**Work to be completed:** Give back exactly the lines of the entries below from the line with "proof (rule ccontr)" to the line with "then show False", inclusive, and only those.
[Start of section]
definition step :: "nat \<Rightarrow> nat \<Rightarrow> nat set \<Rightarrow> ('c, 'tx) config \<Rightarrow> ('c, 'tx) event \<Rightarrow> ('c, 'tx) config \<Rightarrow> bool" where
  "step n f Byz \<sigma> ev \<sigma>' =
    (case ev of
       EvPropose c T \<Rightarrow>
         c \<notin> crashed \<sigma> \<and> cst \<sigma> c T = Idle \<and>
         \<sigma>' = bcast (Cli c) {..<n} (Propose T)
                (\<sigma>\<lparr>cst := (cst \<sigma>)(c := (cst \<sigma> c)(T := Waiting (\<lambda>_. None)))\<rparr>)
     | EvConfirm c T \<Rightarrow>
         c \<notin> crashed \<sigma> \<and>
         (\<exists>ts. cst \<sigma> c T = Waiting ts \<and> n - f \<le> card {s. s < n \<and> ts s \<noteq> None} \<and>
               \<sigma>' = bcast (Cli c) {..<n} (Confirm T (client_ts n f ts))
                      (\<sigma>\<lparr>cst := (cst \<sigma>)(c := (cst \<sigma> c)(T := Confirmed)),
                         signed := insert (T, client_ts n f ts) (signed \<sigma>)\<rparr>))
     | EvDeliver p q m \<Rightarrow>
         (\<exists>rest. chan \<sigma> (p, q) = m # rest) \<and> \<sigma>' = deliver n Byz p q m \<sigma>
     | EvCrash c \<Rightarrow> \<sigma>' = \<sigma>\<lparr>crashed := insert c (crashed \<sigma>)\<rparr>
     | EvByz s q m \<Rightarrow>
         s \<in> Byz \<and> (\<forall>T t. m = Confirm T t \<longrightarrow> (T, t) \<in> signed \<sigma>) \<and>
         \<sigma>' = send (Srv s) q m \<sigma>
     | EvSkip \<Rightarrow> \<sigma>' = \<sigma>)"

definition correct :: "nat \<Rightarrow> nat set \<Rightarrow> (nat \<Rightarrow> ('c, 'tx) config) \<Rightarrow> 'c node \<Rightarrow> bool" where
  "correct n Byz ex p =
    (case p of Srv s \<Rightarrow> s < n \<and> s \<notin> Byz | Cli c \<Rightarrow> (\<forall>j. c \<notin> crashed (ex j)))"

text \<open>Infinite fair run. Channels are reliable: messages sent by any client (even one that
  later crashes) or by a correct server to a correct party are eventually delivered.\<close>
definition run :: "nat \<Rightarrow> nat \<Rightarrow> nat set \<Rightarrow> (nat \<Rightarrow> ('c, 'tx) config) \<Rightarrow> (nat \<Rightarrow> ('c, 'tx) event) \<Rightarrow> bool" where
  "run n f Byz ex lab =
    (ex 0 = init_config \<and>
     (\<forall>i. step n f Byz (ex i) (lab i) (ex (Suc i))) \<and>
     (\<forall>i p q. (correct n Byz ex p \<or> (\<exists>c. p = Cli c)) \<and> correct n Byz ex q \<and>
              chan (ex i) (p, q) \<noteq> [] \<longrightarrow> (\<exists>j\<ge>i. \<exists>m. lab j = EvDeliver p q m)))"

definition assigned :: "nat \<Rightarrow> nat set \<Rightarrow> (nat \<Rightarrow> ('c, 'tx) event) \<Rightarrow> 'tx \<Rightarrow> int \<Rightarrow> bool" where
  "assigned n Byz lab T t =
    (\<exists>i c s. s < n \<and> s \<notin> Byz \<and> lab i = EvDeliver (Cli c) (Srv s) (Confirm T t))"

end

theory Submission
  imports Defs "HOL-Library.Sublist"
begin

text \<open>Call a timestamp signed once some client has produced a Confirm message carrying it.
  The signed timestamps have no gaps: a client confirms with 1 plus the (f+1)-st largest clock
  value it received, and as at most f servers are Byzantine, a correct server reported a value at
  least that large. Correct servers only ever hold and report 0 or signed timestamps, so that value
  is signed, and then so is every positive value below the new timestamp. Hence if Confirm(T,t)
  reaches a correct server, (T,t) is signed and so is some (T',t') for each 0 < t' < t; the client
  that signed it broadcast Confirm(T',t') to all servers, and fairness delivers it.\<close>

lemma kth_largest_le_card:
  assumes "0 < k" "k \<le> length xs"
  shows "k \<le> card {i. i < length xs \<and> kth_largest k xs \<le> xs ! i}"
proof -
  define ys where "ys = rev (sort xs)"
  define v where "v = kth_largest k xs"
  have "v \<le> x" if x: "x \<in> set (take k ys)" for x
  proof -
    obtain j where j: "j < k" "x = ys ! j"
      using x by (auto simp: in_set_conv_nth)
    have "sorted (rev ys)" by (simp add: ys_def)
    then show ?thesis
      using sorted_rev_nth_mono[of ys j "k - 1"] j assms by (simp add: v_def ys_def kth_largest_def)
  qed
  then have "k = length (filter (\<lambda>x. v \<le> x) (take k ys))"
    using assms by (simp add: ys_def)
  also have "\<dots> \<le> length (filter (\<lambda>x. v \<le> x) ys)"
    by (metis append_take_drop_id filter_append length_append le_add1)
  also have "\<dots> = length (filter (\<lambda>x. v \<le> x) xs)"
    by (simp add: ys_def rev_filter[symmetric] filter_sort)
  also have "\<dots> = card {i. i < length xs \<and> v \<le> xs ! i}"
    by (rule length_filter_conv_card)
  finally show ?thesis by (simp add: v_def)
qed
theorem lemmaD9:
  fixes M :: "'a measure" and F :: "nat \<Rightarrow> 'a measure"
    and X :: "nat \<Rightarrow> 'a \<Rightarrow> real ^ 'd"
    and T :: nat and p \<kappa> :: real
  assumes "prob_space M"
    and "T \<ge> 2" and "p \<ge> 2"
    and mds: "martingale_difference_seq M F X"
    and cov: "\<And>j i k. j \<ge> 1 \<Longrightarrow> integrable M (\<lambda>\<omega>. X j \<omega> $ i * X j \<omega> $ k)"
    and bdd: "AE \<omega> in M. \<forall>j\<ge>1. maxnorm (X j \<omega>) \<le> \<kappa>"
  shows "(integral\<^sup>L M (\<lambda>\<omega>. maxnorm (\<Sum>j=1..T. X j \<omega>) powr p)) powr (1 / p)
         \<le> 4 * p * ln (2 * real CARD('d) * real T ^ 2) *
            (\<kappa> + sqrt (\<Sum>j=1..T. (integral\<^sup>L M (\<lambda>\<omega>. maxnorm (X j \<omega>) powr p)) powr (2 / p)))"
proof -
  interpret bounded_martingale_difference M F X \<kappa>
    using assms(1) mds bdd by (intro bounded_martingale_difference.intro bounded_martingale_difference_axioms.intro)
  define d where "d = real CARD('d)"
  define b where "b = (p + 1) * ln (2 * d * T) + 2 * p * ln T"
  define A where "A = sqrt (\<Sum>j=1..T. (integral\<^sup>L M (\<lambda>\<omega>. maxnorm (X j \<omega>) powr p)) powr (2 / p))"
  define L where "L = ln (2 * d * T\<^sup>2)"
  have "1 \<le> d" unfolding d_def by (simp add: Suc_le_eq)
  note b = peeling_parameter_bounds[OF this assms(2,3), folded b_def L_def]
  have A: "0 \<le> A" and \<kappa>: "0 \<le> \<kappa>" unfolding A_def by (simp_all add: sum_nonneg bound_nonneg)
  have "integral\<^sup>L M (\<lambda>\<omega>. maxnorm (\<Sum>j=1..T. X j \<omega>) powr p)
      \<le> (2 * \<kappa> * b) powr p + (4 * sqrt b * A) powr p + \<kappa> powr p"
    using integral_maxnorm_sum_powr_le[OF assms(3) b(1), of T, folded A_def]
      mult_left_mono[OF b(2), of "\<kappa> powr p"] by (simp add: d_def)
  then have "(integral\<^sup>L M (\<lambda>\<omega>. maxnorm (\<Sum>j=1..T. X j \<omega>) powr p)) powr (1 / p)
      \<le> 2 * \<kappa> * b + 4 * sqrt b * A + \<kappa>"
    using A \<kappa> b(1) assms(3) by (intro powr_root_le_add_of_le_sum_powr) (auto intro: integral_nonneg_AE)
  also have "\<dots> \<le> 4 * p * L * (\<kappa> + A)"
  proof -
    have "(2 * b + 1) * \<kappa> \<le> 4 * p * L * \<kappa>" using b(3) \<kappa> by (rule mult_right_mono)
    moreover have "4 * sqrt b * A \<le> 4 * (p * L) * A" using b(4) A by (intro mult_right_mono) auto
    ultimately show ?thesis by (simp add: algebra_simps)
  qed
  finally show ?thesis unfolding L_def d_def A_def by (simp add: power2_eq_square)
qed
(* For all $n\ge3$, the number of pairwise non-isomorphic graphs among the quotient graphs $Q_R$, $R\in\mathcal C_n^*$, is at least $2^n-2n+1$.
   Context: $S_n$ is the set of permutations of $[n]$ with the weak order (inclusion of inversion sets); a lattice congruence is an equivalence relation compatible with joins and meets. Fences. $]a,b[=\{a+1,\dots,b-1\}$. The fence $f(a,b,L)$, for $1\le a<b\le n$ and $L\subseteq\,]a,b[$, is the set of cover edges joining two permutations that differ by swapping adjacent entries $a,b$, with the values of $L$ left of $a,b$ and those of $]a,b[\setminus L$ to the right. Forcing order: $f(a,b,L)\prec f(c,d,M)$ iff $a\le c<d\le b$, $(a,b)\ne(c,d)$, $M=L\cap\,]c,d[$. Lattice congruences $R$ correspond bijectively to downsets $F_R$ of the forcing order (a cover edge joins equivalent permutations iff it lies in a fence of $F_R$). $R$ is essential if $F_R$ contains no fence $f(a,a+1,\emptyset)$; $\mathcal C_n^*$ is the set of essential congruences. $Q_R$ is the undirected cover graph of $S_n/R$. *)

theory Defs
  imports Main
begin

text \<open>Permutations of [n] = {1..n} in one-line notation, as lists.\<close>
definition perms :: "nat \<Rightarrow> nat list set" where
  "perms n = {p. distinct p \<and> set p = {1..n}}"

definition invs :: "nat list \<Rightarrow> (nat \<times> nat) set" where
  "invs p = {(a,b). a < b \<and> (\<exists>i j. i < j \<and> j < length p \<and> p ! i = b \<and> p ! j = a)}"

definition weak_le :: "nat list \<Rightarrow> nat list \<Rightarrow> bool" where
  "weak_le p q \<longleftrightarrow> invs p \<subseteq> invs q"

definition wjoin :: "nat \<Rightarrow> nat list \<Rightarrow> nat list \<Rightarrow> nat list" where
  "wjoin n x y = (THE z. z \<in> perms n \<and> weak_le x z \<and> weak_le y z \<and>
      (\<forall>w\<in>perms n. weak_le x w \<and> weak_le y w \<longrightarrow> weak_le z w))"

definition wmeet :: "nat \<Rightarrow> nat list \<Rightarrow> nat list \<Rightarrow> nat list" where
  "wmeet n x y = (THE z. z \<in> perms n \<and> weak_le z x \<and> weak_le z y \<and>
      (\<forall>w\<in>perms n. weak_le w x \<and> weak_le w y \<longrightarrow> weak_le w z))"

definition lattice_cong :: "nat \<Rightarrow> (nat list \<times> nat list) set \<Rightarrow> bool" where
  "lattice_cong n R \<longleftrightarrow> equiv (perms n) R \<and>
     (\<forall>x\<in>perms n. \<forall>y\<in>perms n. \<forall>z\<in>perms n. (x,y) \<in> R \<longrightarrow>
        (wjoin n x z, wjoin n y z) \<in> R \<and> (wmeet n x z, wmeet n y z) \<in> R)"

definition fence :: "nat \<Rightarrow> nat \<Rightarrow> nat \<Rightarrow> nat set \<Rightarrow> (nat list \<times> nat list) set" where
  "fence n a b L = {(p,q). p \<in> perms n \<and> q \<in> perms n \<and>
     (\<exists>i. Suc i < length p \<and> p ! i = a \<and> p ! Suc i = b \<and>
          q = p[i := b, Suc i := a] \<and>
          (\<forall>c\<in>L. c \<in> set (take i p)) \<and>
          (\<forall>c\<in>{a<..<b} - L. c \<in> set (drop (Suc (Suc i)) p)))}"

definition valid_fence :: "nat \<Rightarrow> nat \<times> nat \<times> nat set \<Rightarrow> bool" where
  "valid_fence n f \<longleftrightarrow> (case f of (a,b,L) \<Rightarrow> 1 \<le> a \<and> a < b \<and> b \<le> n \<and> L \<subseteq> {a<..<b})"

definition fences_of :: "nat \<Rightarrow> (nat list \<times> nat list) set \<Rightarrow> (nat \<times> nat \<times> nat set) set" where
  "fences_of n R = {f. valid_fence n f \<and> (case f of (a,b,L) \<Rightarrow> fence n a b L \<subseteq> R)}"

definition ess_congs :: "nat \<Rightarrow> (nat list \<times> nat list) set set" where
  "ess_congs n = {R. lattice_cong n R \<and> (\<forall>a. (a, a+1, {}) \<notin> fences_of n R)}"

text \<open>Undirected graphs as (vertex set, set of 2-element edges).\<close>
type_synonym 'v graph = "'v set \<times> 'v set set"

definition quot_le :: "nat list set \<Rightarrow> nat list set \<Rightarrow> bool" where
  "quot_le X Y \<longleftrightarrow> (\<exists>x\<in>X. \<exists>y\<in>Y. weak_le x y)"

definition quot_cover :: "nat list set set \<Rightarrow> nat list set \<Rightarrow> nat list set \<Rightarrow> bool" where
  "quot_cover V X Y \<longleftrightarrow> X \<in> V \<and> Y \<in> V \<and> quot_le X Y \<and> X \<noteq> Y \<and>
     \<not> (\<exists>Z\<in>V. quot_le X Z \<and> X \<noteq> Z \<and> quot_le Z Y \<and> Z \<noteq> Y)"

definition QR :: "nat \<Rightarrow> (nat list \<times> nat list) set \<Rightarrow> nat list set graph" where
  "QR n R = (perms n // R,
     {{X,Y} | X Y. quot_cover (perms n // R) X Y})"

definition graph_iso :: "'a graph \<Rightarrow> 'b graph \<Rightarrow> bool" where
  "graph_iso G H \<longleftrightarrow> (\<exists>f. bij_betw f (fst G) (fst H) \<and>
     (\<forall>x\<in>fst G. \<forall>y\<in>fst G. {x,y} \<in> snd G \<longleftrightarrow> {f x, f y} \<in> snd H))"

end

theory Submission
  imports Defs
begin

text \<open>For \<open>2 \<le> d\<close> and a set \<open>P\<close> of fences of length \<open>d\<close>, the fences longer than \<open>d\<close> together
  with \<open>P\<close> form a downset of the forcing order. The corresponding congruence has a direct
  description: \<open>x \<equiv> y\<close> iff \<open>x\<close> and \<open>y\<close> have the same inversions \<open>(a, b)\<close> with \<open>b - a < d\<close>, and at
  each pair of length \<open>d\<close> where they differ, \<open>x\<close> looks like an edge of a fence in \<open>P\<close>.
  Compatibility with joins comes from the fact that the inversion set of \<open>x \<squnion> z\<close> is the
  transitive closure of \<open>inv x \<union> inv z\<close>, whose pairs inside \<open>[a, b]\<close> only depend on inversions
  inside \<open>[a, b]\<close>; meets reduce to joins by reversing permutations.

  Adding the fences of length \<open>d = n - 1, \<dots>, 2\<close> one at a time yields a strictly increasing chain
  of \<open>1 + (\<Sum>d = 2..<n. (n - d) 2 ^ (d - 1)) = 2 ^ n - 2n + 1\<close> essential congruences. A strictly coarser
  congruence has strictly fewer classes, so the quotient graphs along the chain have pairwise
  different numbers of vertices.\<close>

definition precedes :: "'a list \<Rightarrow> 'a \<Rightarrow> 'a \<Rightarrow> bool" where
  "precedes p u v \<longleftrightarrow> (\<exists>i j. i < j \<and> j < length p \<and> p ! i = u \<and> p ! j = v)"

lemma invs_eq_precedes: "invs p = {(a, b). a < b \<and> precedes p b a}"
  unfolding invs_def precedes_def by auto

lemma precedes_Nil [simp]: "\<not> precedes [] u v"
  unfolding precedes_def by simp

lemma precedes_Cons: "precedes (x # xs) u v \<longleftrightarrow> (u = x \<and> v \<in> set xs) \<or> precedes xs u v"
proof
  assume "precedes (x # xs) u v"
  then obtain i j where "i < j" "j < length (x # xs)" "(x # xs) ! i = u" "(x # xs) ! j = v"
    unfolding precedes_def by blast
  then show "(u = x \<and> v \<in> set xs) \<or> precedes xs u v"
    unfolding precedes_def by (cases i; cases j) auto
next
  assume "(u = x \<and> v \<in> set xs) \<or> precedes xs u v"
  then show "precedes (x # xs) u v"
  proof
    assume "u = x \<and> v \<in> set xs"
    then obtain j where "j < length xs" "xs ! j = v" "u = x" by (auto simp: in_set_conv_nth)
    then show ?thesis unfolding precedes_def by (intro exI[of _ 0] exI[of _ "Suc j"]) auto
  next
    assume "precedes xs u v"
    then show ?thesis unfolding precedes_def by (metis Suc_less_eq length_Cons nth_Cons_Suc)
  qed
qed

lemma precedes_append:
  "precedes (xs @ ys) u v \<longleftrightarrow> precedes xs u v \<or> precedes ys u v \<or> (u \<in> set xs \<and> v \<in> set ys)"
  by (induction xs) (auto simp: precedes_Cons)

lemma precedes_in_set: "precedes p u v \<Longrightarrow> u \<in> set p \<and> v \<in> set p"
  by (induction p) (auto simp: precedes_Cons)

lemma precedes_irrefl: "distinct p \<Longrightarrow> \<not> precedes p u u"
  by (induction p) (auto simp: precedes_Cons dest: precedes_in_set)

lemma precedes_asym: "distinct p \<Longrightarrow> precedes p u v \<Longrightarrow> \<not> precedes p v u"
  by (induction p) (auto simp: precedes_Cons dest: precedes_in_set)

lemma precedes_trans: "distinct p \<Longrightarrow> precedes p u v \<Longrightarrow> precedes p v w \<Longrightarrow> precedes p u w"
  by (induction p) (auto simp: precedes_Cons dest: precedes_in_set)

lemma precedes_total: "u \<in> set p \<Longrightarrow> v \<in> set p \<Longrightarrow> u \<noteq> v \<Longrightarrow> precedes p u v \<or> precedes p v u"
  by (induction p) (auto simp: precedes_Cons)

lemma precedes_rev: "precedes (rev p) u v \<longleftrightarrow> precedes p v u"
  by (induction p) (auto simp: precedes_Cons precedes_append)

lemma precedes_swap:
  "distinct p \<Longrightarrow> u \<in> set p \<Longrightarrow> v \<in> set p \<Longrightarrow> u \<noteq> v \<Longrightarrow> precedes p u v \<longleftrightarrow> \<not> precedes p v u"
  by (meson precedes_asym precedes_total)

lemma list_eq_by_precedes:
  assumes "distinct xs" "distinct ys" "set xs = set ys" "\<And>u v. precedes xs u v \<longleftrightarrow> precedes ys u v"
  shows "xs = ys"
  using assms
proof (induction xs arbitrary: ys)
  case Nil
  then show ?case by simp
next
  case (Cons x xs)
  then obtain y ys' where ys: "ys = y # ys'" by (cases ys) auto
  have "x = y"
  proof (rule ccontr)
    assume "x \<noteq> y"
    then have "x \<in> set ys'" using Cons.prems(3) ys by auto
    then have "precedes ys y x" using ys by (simp add: precedes_Cons)
    then show False
      using Cons.prems(1,4) \<open>x \<noteq> y\<close> by (auto simp: precedes_Cons dest: precedes_in_set)
  qed
  moreover have "xs = ys'"
  proof (rule Cons.IH)
    show "distinct xs" "distinct ys'" using Cons.prems(1,2) ys by auto
    show set_eq: "set xs = set ys'" using Cons.prems(1-3) ys \<open>x = y\<close> by auto
    show "precedes xs u v \<longleftrightarrow> precedes ys' u v" for u v
      using Cons.prems(1,2) Cons.prems(4)[of u v] ys \<open>x = y\<close> set_eq
      by (auto simp: precedes_Cons dest: precedes_in_set)
  qed
  ultimately show ?case using ys by simp
qed

text \<open>Sorting by the number of predecessors lists a finite set along a strict total order.\<close>

lemma strict_total_order_as_list:
  assumes fin: "finite S"
    and irrefl: "\<And>u. u \<in> S \<Longrightarrow> \<not> R u u"
    and trans: "\<And>u v w. u \<in> S \<Longrightarrow> v \<in> S \<Longrightarrow> w \<in> S \<Longrightarrow> R u v \<Longrightarrow> R v w \<Longrightarrow> R u w"
    and total: "\<And>u v. u \<in> S \<Longrightarrow> v \<in> S \<Longrightarrow> u \<noteq> v \<Longrightarrow> R u v \<or> R v u"
  obtains z where "distinct z" "set z = S" "\<And>u v. u \<in> S \<Longrightarrow> v \<in> S \<Longrightarrow> precedes z u v \<longleftrightarrow> R u v"
proof -
  define rank where "rank u = card {w \<in> S. R w u}" for u
  have rank_mono: "rank u < rank v" if "u \<in> S" "v \<in> S" "R u v" for u v
    unfolding rank_def
  proof (rule psubset_card_mono)
    show "finite {w \<in> S. R w v}" using fin by auto
    show "{w \<in> S. R w u} \<subset> {w \<in> S. R w v}"
      using that trans[of _ u v] irrefl by blast
  qed
  obtain xs where "set xs = S" "distinct xs" using finite_distinct_list[OF fin] by blast
  define z where "z = sort_key rank xs"
  have dz: "distinct z" and sz: "set z = S" using \<open>set xs = S\<close> \<open>distinct xs\<close> by (auto simp: z_def)
  have sorted: "sorted (map rank z)" by (simp add: z_def)
  have R_if_precedes: "R u v" if "precedes z u v" for u v
  proof -
    have "\<exists>i j. i < j \<and> j < length z \<and> z ! i = u \<and> z ! j = v"
      using that by (simp add: precedes_def)
    then obtain i j where ij: "i < j" "j < length z" "z ! i = u" "z ! j = v" by blast
    have "rank u \<le> rank v" using sorted_nth_mono[OF sorted, of i j] ij by auto
    moreover have "u \<noteq> v" using ij dz by (auto simp: nth_eq_iff_index_eq)
    moreover have "u \<in> S" "v \<in> S" using ij sz by auto
    ultimately show ?thesis using total[of u v] rank_mono[of v u] by (meson not_le)
  qed
  have "precedes z u v \<longleftrightarrow> R u v" if "u \<in> S" "v \<in> S" for u v
  proof
    assume "R u v"
    then have "u \<noteq> v" "\<not> R v u" using irrefl trans[of u v u] that by blast+
    then show "precedes z u v" using precedes_total[of u z v] sz that R_if_precedes[of v u] by auto
  qed (rule R_if_precedes)
  then show ?thesis using that dz sz by blast
qed

lemma perms_distinct: "p \<in> perms n \<Longrightarrow> distinct p"
  and perms_set: "p \<in> perms n \<Longrightarrow> set p = {1..n}"
  unfolding perms_def by auto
[End of section]
**Solution to this problem:**
  proof (rule ccontr)
    assume "x \<noteq> y"
    then have "x \<in> set ys'" using Cons.prems(3) ys by auto
    then have "precedes ys y x" using ys by (simp add: precedes_Cons)
    then show False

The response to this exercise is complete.